In [None]:
# Prepare Data
#
import pandas as pd;

# This is an extensive data set and contain several other features. 
# This data set contains data about the batsman (both striker and non-striker) and bowler
data = pd.read_csv('../data_files/final_over_data_v2.csv');

# Use the match_id as the Key / Index column.
data.set_index("match_id", inplace = True)

# We have runs to win (numerical data). If the runs to win in last over are more than 36, the match is anyways lost.
# So, we'll convert it to Runs per bowl required. Anything above 36 will be considered as 7
# We'll bin it so that we dont have the continious data.
cut_labels = ['1','2','3','4','5','6', '7'];
cut_bins = [0, 6, 12, 18, 24, 30, 36, 200];

# Insert directly after runs to win column.
data.insert(3,'RPB',pd.cut(data['runs_to_win'], bins=cut_bins, labels=cut_labels))
data.head()

In [20]:
## Check for data quality.
#data["bowler_eg_economy"].isnull()

# For training, we take a subset of columns.
# Now, I have decided NOT to use RPB, but runs to win (because its easy to input from UI)
training_data = data[["runs_to_win","wickets_in_hand","bowler_eg_economy","batsman_eg_sr","non_striker_eg_sr","match_result"]]
training_data.head()

# To check if there is any data with Null values.
#null_data = training_data[training_data.isnull().any(axis=1)]
#null_data.head(10)

Unnamed: 0_level_0,runs_to_win,wickets_in_hand,bowler_eg_economy,batsman_eg_sr,non_striker_eg_sr,match_result
match_id,Unnamed: 1_level_1,Unnamed: 2_level_1,Unnamed: 3_level_1,Unnamed: 4_level_1,Unnamed: 5_level_1,Unnamed: 6_level_1
829774,20,4,10.5604,180.7692,146.0465,Won
392241,26,4,10.723,109.0909,112.7907,Won
392201,8,6,10.4821,160.0,109.0909,Lost
392234,11,4,9.5215,182.2469,112.7907,Won
829732,5,6,10.723,157.3477,146.0465,Lost


In [21]:
# This is the simplest version of Analysis (my first version)
# We'll use a Decision Tree Classifier
#
# 
from sklearn import tree
from sklearn.ensemble import RandomForestClassifier
from sklearn.model_selection import train_test_split
import graphviz
from sklearn.metrics import accuracy_score

# Split the training data into Train and Test.
train_set, test_set = train_test_split(training_data, test_size=0.2)
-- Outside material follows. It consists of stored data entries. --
(* Let $\Omega\subset\mathbb{R}^3$ be open, $T>0$, and let $A:[0,T]\times\Omega\to\mathbb{T}$ and $\gamma:[0,T]\times\Omega\to\mathbb{S}$ be sufficiently smooth (classical) fields solving $$\operatorname{div} A=0,\qquad A_t+\operatorname{curl} S\gamma=0,\qquad S\gamma_t-\operatorname{sym}\operatorname{curl} A=0,\qquad \operatorname{div}\operatorname{div} S\gamma=0 .$$ Let $A_0:=A(0)$, $\alpha:=\tfrac12\operatorname{tr}\gamma$ and $\beta(t):=\tfrac12\int_0^t\operatorname{div}S\gamma(s)\,ds+\operatorname{vskw}A_0$. Then $$\gamma_{tt}+S\operatorname{inc}\gamma-2\operatorname{def}\beta_t-2\operatorname{hess}\alpha=0 .$$
   Context: $\mathbb{M}$ is the space of real $3\times3$ matrices, $\mathbb{S}$ the symmetric ones, $\mathbb{T}$ the trace-free ones. For $M\in\mathbb{M}$: $S(M):=M^\top-\operatorname{tr}(M)I$; $\operatorname{sym}M$ is the symmetric part; $(\operatorname{vskw}M)_i:=-\tfrac12\epsilon_{ijk}M_{jk}$ (Levi-Civita symbol, summation convention). Differential operators act column-wise on matrix fields: $(\operatorname{curl}M)_{ij}=\epsilon_{ikl}\partial_kM_{lj}$, $(\operatorname{div}M)_i=\partial_jM_{ji}$; for a vector field $v$, $(\operatorname{grad}v)_{ij}=\partial_iv_j$, $\operatorname{def}v:=\operatorname{sym}\operatorname{grad}v$; for a scalar $u$, $\operatorname{hess}u$ is the Hessian; $\operatorname{div}\operatorname{div}\sigma:=\operatorname{div}(\operatorname{div}\sigma)$; $\operatorname{inc}M:=\operatorname{curl}\big((\operatorname{curl}M)^\top\big)$. Subscript $t$ denotes time derivative. *)

theory Defs
  imports "HOL-Analysis.Analysis"
begin

type_synonym mat3 = "real^3^3"
type_synonym vec3 = "real^3"

definition eps :: "3 \<Rightarrow> 3 \<Rightarrow> 3 \<Rightarrow> real" where
  "eps i j k =
     (if (i,j,k) \<in> {(1,2,3),(2,3,1),(3,1,2)} then 1
      else if (i,j,k) \<in> {(1,3,2),(3,2,1),(2,1,3)} then -1 else 0)"

definition pd :: "'a::real_normed_vector \<Rightarrow> ('a \<Rightarrow> 'b::real_normed_vector) \<Rightarrow> 'a \<Rightarrow> 'b" where
  "pd v f z = vector_derivative (\<lambda>h. f (z + h *\<^sub>R v)) (at 0)"
(* Let $\mathcal{F}$ be any finite constraint family and $k$ a constant. The problem $\mathrm{Csp}_k^\gamma(\mathcal{F})$ with $\gamma={u_{\min}}(\mathcal{F})$ is non-trivial. Conversely, if $\gamma<{u_{\min}}(\mathcal{F})$, then there exists $n_0$ such that any instance of $\mathrm{Csp}_k^\gamma(\mathcal{F})$ with at least $n_0$ variables admits a satisfying assignment of weight $k$.
   Context: A constraint family $\mathcal{F}$ is a finite set of non-constant Boolean functions $f:\{0,1\}^r\to\{0,1\}$ (arity $r$ may depend on $f$). For constant integer $k$ and real $\gamma\ge 0$, $\mathrm{Csp}_k^\gamma(\mathcal{F})$ is the problem: given Boolean variables $x_1,\dots,x_n$ and a set of $m=\Theta(n^\gamma)$ constraints, each of the form $f(x_{i_1},\dots,x_{i_r})$ with $f\in\mathcal{F}$ of arity $r$ and $i_1,\dots,i_r$ pairwise distinct, decide whether there is an assignment setting exactly $k$ variables to $1$ (weight $k$) that satisfies all constraints. The problem is non-trivial if it has infinitely many NO-instances, and trivial if for all sufficiently large $n$ every instance with $n$ variables is a YES-instance. For $f$, ${u_{\min}}(f)=\min\{\|a\|_1 : f(a)=0\}$ is the minimum weight of a violating assignment, and ${u_{\min}}(\mathcal{F})=\min_{f\in\mathcal{F}}{u_{\min}}(f)$.
   Formalization: Non-triviality at $\gamma={u_{\min}}(\mathcal{F})$ holds only when ${u_{\min}}(\mathcal{F})\le k$, and for some choice of the constants in $m=\Theta(n^\gamma)$, whereas the converse holds for every choice of those constants. Each condition added here is assumed in the paper as well or is needed for the statement above to hold. *)

theory Defs
  imports Complex_Main
begin

text \<open>A Boolean function of arity r is represented as a pair (r, f) with
  f :: bool list => bool, only ever evaluated on lists of length r.\<close>
type_synonym bfun = "nat \<times> (bool list \<Rightarrow> bool)"

text \<open>A constraint: a function of the family together with its scope,
  a list of variable indices (variables are x_0, ..., x_(n-1)).\<close>
type_synonym constr = "bfun \<times> nat list"

definition nonconst :: "bfun \<Rightarrow> bool" where
  "nonconst \<phi> \<longleftrightarrow> (\<exists>a b. length a = fst \<phi> \<and> length b = fst \<phi> \<and> snd \<phi> a \<noteq> snd \<phi> b)"

definition constraint_family :: "bfun set \<Rightarrow> bool" where
  "constraint_family F \<longleftrightarrow> finite F \<and> (\<forall>\<phi>\<in>F. nonconst \<phi>)"

definition weight :: "bool list \<Rightarrow> nat" where
  "weight a = length (filter id a)"

definition umin_fun :: "bfun \<Rightarrow> nat" where
  "umin_fun \<phi> = Min {weight a | a. length a = fst \<phi> \<and> \<not> snd \<phi> a}"

definition umin :: "bfun set \<Rightarrow> nat" where
  "umin F = Min (umin_fun ` F)"

definition is_instance :: "bfun set \<Rightarrow> nat \<Rightarrow> constr set \<Rightarrow> bool" where
  "is_instance F n C \<longleftrightarrow> finite C \<and>
     (\<forall>(\<phi>, is) \<in> C. \<phi> \<in> F \<and> length is = fst \<phi> \<and> distinct is \<and> set is \<subseteq> {..<n})"

definition sat_constr :: "(nat \<Rightarrow> bool) \<Rightarrow> constr \<Rightarrow> bool" where
  "sat_constr x c = snd (fst c) (map x (snd c))"

definition yes_instance :: "nat \<Rightarrow> nat \<Rightarrow> constr set \<Rightarrow> bool" where
  "yes_instance k n C \<longleftrightarrow>
     (\<exists>x :: nat \<Rightarrow> bool. card {i. i < n \<and> x i} = k \<and> (\<forall>c\<in>C. sat_constr x c))"

text \<open>Instances of Csp_k^gamma(F): m = Theta(n^gamma), made explicit via constants
  c1, c2 with c1 * n^gamma <= m <= c2 * n^gamma.\<close>
definition csp_instance ::
  "bfun set \<Rightarrow> real \<Rightarrow> real \<Rightarrow> real \<Rightarrow> nat \<Rightarrow> constr set \<Rightarrow> bool" where
  "csp_instance F \<gamma> c1 c2 n C \<longleftrightarrow> is_instance F n C \<and>
     c1 * real n powr \<gamma> \<le> real (card C) \<and> real (card C) \<le> c2 * real n powr \<gamma>"
lemma subseteq_mset_as_image_nth:
  "M \<subseteq># mset xs \<Longrightarrow> \<exists>J \<subseteq> {..<length xs}. M = image_mset ((!) xs) (mset_set J)"
proof (induction xs arbitrary: M)
  case Nil
  then show ?case by auto
next
  case (Cons x xs)
  have "M - {#x#} \<subseteq># mset xs" using Cons.prems by (simp add: subset_eq_diff_conv)
  then obtain J where J: "J \<subseteq> {..<length xs}" "M - {#x#} = image_mset ((!) xs) (mset_set J)"
    using Cons.IH by blast
  have "finite J" using J(1) finite_subset by blast
  then have shift: "image_mset ((!) (x # xs)) (mset_set (Suc ` J)) = M - {#x#}"
    using J(2) by (simp add: image_mset_mset_set[symmetric] multiset.map_comp comp_def)
  show ?case
  proof (cases "x \<in># M")
    case True
    have "image_mset ((!) (x # xs)) (mset_set (insert 0 (Suc ` J))) = add_mset x (M - {#x#})"
      using shift \<open>finite J\<close> by simp
    also have "\<dots> = M" using True by (rule insert_DiffM)
    finally show ?thesis using J(1) by (intro exI[of _ "insert 0 (Suc ` J)"]) auto
  next
    case False
    then show ?thesis using shift J(1) by (intro exI[of _ "Suc ` J"]) auto
  qed
qed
feature_columns = ["runs_to_win","wickets_in_hand","bowler_eg_economy","batsman_eg_sr","non_striker_eg_sr"]

# Training columns. For now, I'm taking only few columns.
X = train_set[feature_columns]
y = train_set["match_result"]
#y=y.astype('int')

def decision_tree(params,feature,results):
    classifier = tree.DecisionTreeClassifier(**params)
    classifier = classifier.fit(feature,results)
    return classifier

def check_accuracy(classifier):
    test_results = clf.predict(test_set[feature_columns])
    return accuracy_score(test_set["match_result"],test_results)

def random_forest(params,feature,results):
    classifier = RandomForestClassifier(**params)
    classifier = classifier.fit(feature,results)
    return classifier


In [22]:
# Test with Decision Tree with different parameters
params = {}
clf = decision_tree(params,X,y)
print("Accuracy with default parameters is: ", check_accuracy(clf))

params = {"max_depth": 5}
clf = decision_tree(params,X,y)
print("Accuracy with Max depth 5 is: ", check_accuracy(clf))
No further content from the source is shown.